Was das für die künftige Kaderplanung bedeutet, wird man sehen. Kurzfristig dürfte das dank Keita-Verkauf nicht das ganz große Problem sein. Auffällig vielleicht, dass die Transfers des letzten Sommers zwar die Qualität des Kaders in der Breite deutlich verbesserten, aber in der Spitze kaum Qualitätszuwachs zu verzeichnen war. Das war bei Konaté, Bruma, Augustin, Laimer und (mit Abstrichen) Kampl auch nicht zu erwarten, dass sie nun gleich die tragenden Rollen im Team übernehmen würden. Alle fünf haben aber in jeweils unterschiedlichem Ausmaß schon gezeigt, dass sie in tragende Rollen hineinwachsen können. Auch wenn man dafür beispielsweise bei Laimer erstmal eine Position finden musste, für die er eigentlich gar nicht vorgesehen war.

Letztlich haben die Neuzugänge genau das gemacht, was man sich von ihnen erhoffen konnte, nämlich Qualität in der Breite ins Team zu bringen. Das Problem war, dass gleichzeitig allerdings die tragenden Köpfe der Vorsaison diese Saison keine tragenden Köpfe mehr waren. Ein Emil Forsberg ist zwischen Verletzungen, fehlendem Rhythmus und Platzverweis ziemlich untergegangen. Timo Werner war große Teile der Rückrunde mit Hadern und fehlenden Räumen beschäftigt. Und Naby Keita spielte keine schlechte Runde, war aber auch nur selten der mannschaftstragende Dominator, der er eigentlich sein kann. Was sich bei ihm vor allem im totalen Zusammenbruch seiner Rolle als Balleroberer und in zu vielen Platzverweisen und Undiszipliniertheiten manifestierte.
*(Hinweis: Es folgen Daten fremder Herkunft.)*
lemma fun_dim_eqI:
  assumes "f0 \<in> F" and diff: "\<And>f g. f \<in> F \<Longrightarrow> g \<in> F \<Longrightarrow> (\<lambda>x. f x - g x) \<in> S"
    and bound: "\<And>D. D \<subseteq> S \<Longrightarrow> fun_lin_indep D \<Longrightarrow> card D \<le> n"
    and D: "D \<subseteq> (\<lambda>f x. f x - f0 x) ` F" "fun_lin_indep D" "card D = n"
  shows "fun_dim F = n"
proof -
  let ?S = "{card D | D. \<exists>f0\<in>F. D \<subseteq> (\<lambda>f x. f x - f0 x) ` F \<and> fun_lin_indep D}"
  have le: "m \<le> n" if m: "m \<in> ?S" for m
  proof -
    obtain D' f0' where D': "m = card D'" "f0' \<in> F" "D' \<subseteq> (\<lambda>f x. f x - f0' x) ` F" "fun_lin_indep D'"
      using m by blast
    then have "D' \<subseteq> S" using diff by blast
    then show ?thesis using bound D' by simp
  qed
  have "?S \<subseteq> {..n}" using le by blast
  then have "finite ?S" by (rule finite_subset) simp
  moreover have "n \<in> ?S" using D assms(1) by blast
  ultimately show ?thesis unfolding fun_dim_def using le by (intro Max_eqI) auto
qed

section \<open>Balanced forms and a basis for them\<close>

definition balanced_forms :: "'a set \<Rightarrow> ('a \<Rightarrow> real) \<Rightarrow> ('a \<times> 'a \<Rightarrow> real) set" where
  "balanced_forms V w = {g. hollow_sym V g \<and> (\<forall>u\<in>V. (\<Sum>v\<in>V. w v * g (u, v)) = 0)}"

interpretation fun_space: vector_space "\<lambda>(c::real) (f::'x \<Rightarrow> real) x. c * f x"
  by unfold_locales (auto simp: fun_eq_iff algebra_simps)

lemma sum_fun_apply: "(sum f A) x = (\<Sum>i\<in>A. f i x :: real)"
  by (induction A rule: infinite_finite_induct) (auto simp: plus_fun_def zero_fun_def)

lemma fun_lin_indep_imp_independent:
  fixes D :: "('x \<Rightarrow> real) set"
  assumes "fun_lin_indep D"
  shows "\<not> fun_space.dependent D"
proof
  assume "fun_space.dependent D"
  then obtain t u where tu: "finite t" "t \<subseteq> D" "(\<Sum>v\<in>t. (\<lambda>x. u v * v x)) = 0" "\<exists>v\<in>t. u v \<noteq> 0"
    unfolding fun_space.dependent_explicit by blast
  define c where "c g = (if g \<in> t then u g else 0)" for g
  have "(\<Sum>g\<in>D. c g * g x) = 0" for x
  proof -
    have "(\<Sum>g\<in>D. c g * g x) = (\<Sum>g\<in>t. u g * g x)"
      using assms tu(2) by (intro sum.mono_neutral_cong_right) (auto simp: c_def fun_lin_indep_def)
    also have "\<dots> = 0" using tu(3) sum_fun_apply[of "\<lambda>v x. u v * v x" t x] by simp
    finally show ?thesis .
  qed
  then have "\<forall>g\<in>D. c g = 0" using assms unfolding fun_lin_indep_def by blast
  moreover obtain v where "v \<in> t" "u v \<noteq> 0" using tu(4) by blast
  ultimately have "c v = 0" "v \<in> t" "u v \<noteq> 0" using tu(2) by blast+
  then show False by (simp add: c_def)
qed

lemma balanced_forms_subspace: "fun_space.subspace (balanced_forms V w)"
  unfolding fun_space.subspace_def balanced_forms_def hollow_sym_def
  by (simp add: sum.distrib algebra_simps flip: sum_distrib_left)

lemma pair_form_cong:
  "(\<And>v. v \<in> V \<Longrightarrow> b v = b' v) \<Longrightarrow> pair_form V h b = pair_form V h b'"
  by (simp add: pair_form_def)

lemma pair_form_balanced_unit_shift:
  assumes "finite V" "g \<in> balanced_forms V w" "u \<in> V"
  shows "pair_form V g (\<lambda>v. (if v = u then 1 else 0) + k * w v) = 0"
proof -
  have rows: "\<And>a. a \<in> V \<Longrightarrow> (\<Sum>v\<in>V. w v * g (a, v)) = 0" and "hollow_sym V g"
    using assms(2) by (auto simp: balanced_forms_def)
  moreover have "pair_form V g w = 0"
    using rows by (simp add: pair_form_def mult.assoc flip: sum_distrib_left)
  ultimately show ?thesis using assms(1,3) by (simp add: pair_form_unit_shift)
qed

lemma sum_sum_zero_row_sums:
  fixes G :: "'a \<times> 'a \<Rightarrow> real" and \<beta> :: "'a \<Rightarrow> real"
  assumes sym: "\<And>u v. G (u, v) = G (v, u)" and rows: "\<And>u. u \<in> V \<Longrightarrow> (\<Sum>v\<in>V. G (u, v)) = 0"
  shows "(\<Sum>u\<in>V. \<Sum>v\<in>V. \<beta> u * \<beta> v * G (u, v)) = - (\<Sum>u\<in>V. \<Sum>v\<in>V. G (u, v) * (\<beta> u - \<beta> v)\<^sup>2) / 2"
proof -
  have "(\<Sum>v\<in>V. G (u, v) * (\<beta> u)\<^sup>2) = 0" if "u \<in> V" for u
    using rows[OF that] sum_distrib_right[of "\<lambda>v. G (u, v)" V "(\<beta> u)\<^sup>2"] by simp
  then have left: "(\<Sum>u\<in>V. \<Sum>v\<in>V. G (u, v) * (\<beta> u)\<^sup>2) = 0"
    by simp
  have "(\<Sum>u\<in>V. \<Sum>v\<in>V. G (u, v) * (\<beta> v)\<^sup>2) = (\<Sum>v\<in>V. \<Sum>u\<in>V. G (v, u) * (\<beta> v)\<^sup>2)"
    by (subst sum.swap) (simp add: sym)
  then have right: "(\<Sum>u\<in>V. \<Sum>v\<in>V. G (u, v) * (\<beta> v)\<^sup>2) = 0"
    using left by simp
  have "(\<Sum>u\<in>V. \<Sum>v\<in>V. G (u, v) * (\<beta> u - \<beta> v)\<^sup>2)
      = (\<Sum>u\<in>V. \<Sum>v\<in>V. G (u, v) * (\<beta> u)\<^sup>2) + (\<Sum>u\<in>V. \<Sum>v\<in>V. G (u, v) * (\<beta> v)\<^sup>2)
        - 2 * (\<Sum>u\<in>V. \<Sum>v\<in>V. \<beta> u * \<beta> v * G (u, v))"
    by (simp add: power2_diff algebra_simps sum.distrib sum_subtractf sum_distrib_left)
  then show ?thesis using left right by simp
qed

lemma pair_form_balanced_abs_le:
  assumes g: "g \<in> balanced_forms V w" and w: "\<And>v. v \<in> V \<Longrightarrow> w v \<noteq> 0"
    and D: "\<And>u v. u \<in> V \<Longrightarrow> v \<in> V \<Longrightarrow> (b u / w u - b v / w v)\<^sup>2 \<le> D"
  shows "\<bar>pair_form V g b\<bar> \<le> (\<Sum>u\<in>V. \<Sum>v\<in>V. \<bar>w u * w v * g (u, v)\<bar>) / 2 * D"
proof -
  define G where "G x = w (fst x) * w (snd x) * g x" for x
  define \<beta> where "\<beta> v = b v / w v" for v
  have G_sym: "G (u, v) = G (v, u)" for u v
    using g by (simp add: G_def balanced_forms_def hollow_sym_def mult_ac)
  have G_rows: "(\<Sum>v\<in>V. G (u, v)) = 0" if "u \<in> V" for u
    using g that by (simp add: G_def balanced_forms_def mult.assoc flip: sum_distrib_left)
  have "pair_form V g b = (\<Sum>u\<in>V. \<Sum>v\<in>V. \<beta> u * \<beta> v * G (u, v))"
    unfolding pair_form_def using w by (intro sum.cong refl) (simp add: \<beta>_def G_def)
  also have "\<dots> = - (\<Sum>u\<in>V. \<Sum>v\<in>V. G (u, v) * (\<beta> u - \<beta> v)\<^sup>2) / 2"
    using G_sym G_rows by (rule sum_sum_zero_row_sums)
  finally have "\<bar>pair_form V g b\<bar> = \<bar>\<Sum>u\<in>V. \<Sum>v\<in>V. G (u, v) * (\<beta> u - \<beta> v)\<^sup>2\<bar> / 2" by simp
  also have "\<dots> \<le> (\<Sum>u\<in>V. \<Sum>v\<in>V. \<bar>G (u, v)\<bar> * (\<beta> u - \<beta> v)\<^sup>2) / 2"
    by (intro divide_right_mono order_trans[OF sum_abs sum_mono[OF order_trans[OF sum_abs]]])
      (simp_all add: abs_mult)
  also have "\<dots> \<le> (\<Sum>u\<in>V. \<Sum>v\<in>V. \<bar>G (u, v)\<bar> * D) / 2"
    using D by (intro divide_right_mono sum_mono mult_left_mono) (auto simp: \<beta>_def)
  also have "\<dots> = (\<Sum>u\<in>V. \<Sum>v\<in>V. \<bar>w u * w v * g (u, v)\<bar>) / 2 * D"
    by (simp only: sum_distrib_right[symmetric]) (simp add: G_def)
  finally show ?thesis .
qed

definition pair_ind :: "'a set \<Rightarrow> 'a \<times> 'a \<Rightarrow> real" where
  "pair_ind B x = (if {fst x, snd x} = B then 1 else 0)"

lemma pair_ind_sym: "pair_ind B (u, v) = pair_ind B (v, u)"
  by (simp add: pair_ind_def insert_commute)

lemma pair_ind_diag: "s \<noteq> t \<Longrightarrow> pair_ind {s, t} (v, v) = 0"
  by (auto simp: pair_ind_def doubleton_eq_iff)

lemma sum_pair_ind_row:
  assumes "finite V" "s \<in> V" "t \<in> V" "s \<noteq> t"
  shows "(\<Sum>v\<in>V. pair_ind {s, t} (u, v)) = (if u = s then 1 else 0) + (if u = t then 1 else 0)"
proof -
  have "(\<Sum>v\<in>V. pair_ind {s, t} (u, v))
      = (\<Sum>v\<in>V. (if u = s then 1 else 0) * (if v = t then 1 else 0) + (if u = t then 1 else 0) * (if v = s then 1 else 0))"
    using assms(4) by (intro sum.cong refl) (auto simp: pair_ind_def doubleton_eq_iff)
  also have "\<dots> = (if u = s then 1 else 0) + (if u = t then 1 else 0)"
    using assms by (simp add: sum.distrib sum.delta' flip: sum_distrib_left)
  finally show ?thesis .
qed

lemma odd_triangle_zero:
  fixes w0 w1 w2 X Y Z :: real
  assumes "w0 \<noteq> 0" "w1 \<noteq> 0" "w2 \<noteq> 0"
    and "w0 * X + w2 * Z = 0" "w0 * Y + w1 * Z = 0" "w1 * X + w2 * Y = 0"
  shows "X = 0 \<and> Y = 0 \<and> Z = 0"
proof -
  have "2 * (w1 * w2) * Z = w1 * (w0 * X + w2 * Z) + w2 * (w0 * Y + w1 * Z) - w0 * (w1 * X + w2 * Y)"
    by (simp add: algebra_simps)
  then have "Z = 0" using assms by simp
  then show ?thesis using assms by simp
qed

text \<open>The pairs outside \<open>free_pairs\<close> are the edges at \<open>p0\<close> and the edge \<open>{p1, p2}\<close>; as the
  triangle \<open>p0 p1 p2\<close> is odd, the row conditions of a balanced form determine its values there.
  The form \<open>basis_form B\<close> is the edge \<open>B\<close> corrected along this graph so that all row sums
  vanish, then rescaled by the weights.\<close>

locale weighted_triangle =
  fixes V :: "'a set" and w :: "'a \<Rightarrow> real" and p0 p1 p2 :: 'a
  assumes finite: "finite V" and nonzero: "\<And>v. v \<in> V \<Longrightarrow> w v \<noteq> 0"
    and p_in: "p0 \<in> V" "p1 \<in> V" "p2 \<in> V"
    and p_distinct: "p0 \<noteq> p1" "p0 \<noteq> p2" "p1 \<noteq> p2"
begin

definition free_pairs :: "'a set set" where
  "free_pairs = {B. B \<subseteq> V - {p0} \<and> card B = 2} - {{p1, p2}}"

definition basis_form :: "'a set \<Rightarrow> 'a \<times> 'a \<Rightarrow> real" where
  "basis_form B x = (if fst x \<in> V \<and> snd x \<in> V then
      (pair_ind B x - (\<Sum>u\<in>B. pair_ind {p0, u} x) + pair_ind {p0, p1} x + pair_ind {p0, p2} x
        - pair_ind {p1, p2} x) / (w (fst x) * w (snd x)) else 0)"

lemma card_free_pairs: "card free_pairs = ((card V - 1) choose 2) - 1"
proof -
  have "finite (V - {p0})" using finite by simp
  then have "card {B. B \<subseteq> V - {p0} \<and> card B = 2} = (card V - 1) choose 2"
    using n_subsets[of "V - {p0}" 2] finite p_in by (simp add: card_Diff_singleton)
  moreover have "{p1, p2} \<in> {B. B \<subseteq> V - {p0} \<and> card B = 2}"
    using p_in p_distinct by auto
  ultimately show ?thesis
    using \<open>finite (V - {p0})\<close> by (simp add: free_pairs_def card_Diff_singleton)
qed

lemma finite_free_pairs: "finite free_pairs"
  using finite by (simp add: free_pairs_def)

lemma free_pairsE:
  assumes "B \<in> free_pairs"
  obtains u v where "B = {u, v}" "u \<noteq> v" "u \<in> V" "v \<in> V" "u \<noteq> p0" "v \<noteq> p0" "{u, v} \<noteq> {p1, p2}"
proof -
  have "card B = 2" "B \<subseteq> V - {p0}" "B \<noteq> {p1, p2}" using assms by (auto simp: free_pairs_def)
  then show ?thesis using that by (auto simp: card_2_iff)
qed

lemma basis_form_pair:
  assumes "u \<noteq> v"
  shows "basis_form {u, v} x = (if fst x \<in> V \<and> snd x \<in> V then
      (pair_ind {u, v} x - pair_ind {p0, u} x - pair_ind {p0, v} x + pair_ind {p0, p1} x + pair_ind {p0, p2} x
        - pair_ind {p1, p2} x) / (w (fst x) * w (snd x)) else 0)"
  using assms by (simp add: basis_form_def)

lemma basis_form_balanced:
  assumes "B \<in> free_pairs"
  shows "basis_form B \<in> balanced_forms V w"
proof -
  obtain u v where uv: "B = {u, v}" "u \<noteq> v" "u \<in> V" "v \<in> V" "u \<noteq> p0" "v \<noteq> p0"
    using free_pairsE[OF assms] by metis
  have "(\<Sum>z\<in>V. w z * basis_form B (a, z)) = 0" if a: "a \<in> V" for a
  proof -
    have "(\<Sum>z\<in>V. w z * basis_form B (a, z))
        = (\<Sum>z\<in>V. pair_ind {u, v} (a, z) - pair_ind {p0, u} (a, z) - pair_ind {p0, v} (a, z)
             + pair_ind {p0, p1} (a, z) + pair_ind {p0, p2} (a, z) - pair_ind {p1, p2} (a, z)) / w a"
      unfolding sum_divide_distrib uv(1) basis_form_pair[OF uv(2)] using a nonzero
      by (intro sum.cong refl) simp
    also have "\<dots> = 0"
      using a uv finite p_in p_distinct by (simp add: sum.distrib sum_subtractf sum_pair_ind_row)
    finally show ?thesis .
  qed
  moreover have "hollow_sym V (basis_form B)"
    using uv p_distinct unfolding hollow_sym_def uv(1) basis_form_pair[OF uv(2)]
    by (simp add: pair_ind_sym pair_ind_diag mult.commute)
  ultimately show ?thesis by (simp add: balanced_forms_def)
qed

lemma basis_form_at_free_pair:
  assumes B0: "B0 \<in> free_pairs" "B0 = {x, z}"
  shows "basis_form B (x, z) = (if B = B0 then 1 / (w x * w z) else 0)"
proof -
  have xz: "x \<in> V" "z \<in> V" "x \<noteq> p0" "z \<noteq> p0" "{x, z} \<noteq> {p1, p2}"
    using B0 by (auto simp: free_pairs_def)
  then have "pair_ind {p0, u} (x, z) = 0" "pair_ind {p1, p2} (x, z) = 0" for u
    by (auto simp: pair_ind_def doubleton_eq_iff)
  then show ?thesis using xz B0(2) by (auto simp: basis_form_def pair_ind_def)
qed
Wenn man über die Saison drüberschaut, dann weiß man nicht so richtig, welchen Spieler man als die tragende Säule im Team sehen würde. Sabitzer war in der Hinrunde sehr gut, dann aber zu viel verletzt und mit Qualitätsverlusten beim Hin- und Herschieben zwischen den Positionen. Halstenberg spielte sehr konstant, riss sich aber das Kreuzband. Und ansonsten blieb sehr viel Inkonstanz und wechselten sehr gute und unterdurchschnittliche Leistungen munter durch. Wofür Jean-Kevin Augustin als Extremfall irgendwo zwischen Weltklassevorstellungen und ‚heute kein Bock‘ prototypisch steht.

Vielleicht wichtig in dem Zusammenhang, dass sich natürlich auch die ganzen Kaderstrukturen in dieser Saison deutlich verändert haben. Die große Stärke des totalen Teamzusammenhalts gibt es in der Form nicht mehr. Die Mannschaft ist kein zerstrittenes Häuflein, das überhaupt nicht. Aber die Tendenz geht doch auch mehr zu Egoshooting und auch zu (sprachbezogenen) Grüppchenbildungen, die gerade in schlechten Phasen zu einem zusätzlichen Problem werden können. Augustin und Bruma sind als Spieler, die in Leipzig den nächsten Schritt machen wollen, aber in ihrer Historie schon mal gehypet waren (Bruma als Talent ala Ronaldo, Augustin mit seinen sehr frühen Einsätzen bei PSG neben Ibrahimovic), sicherlich nicht diejenigen, die das Gerüst bei RB Leipzig bilden können, sondern diejenigen, die ein funktionierendes Gerüst durch individuelle Qualitäten bei gleichzeitiger Eingliederung in die spieltaktischen Abläufe veredeln können. Da eine gute Mannschaftsstruktur zu schaffen, in der das nicht zu Eitelkeiten führt, ist auch eine Aufgabe, die man auf Dauer zu lösen hat.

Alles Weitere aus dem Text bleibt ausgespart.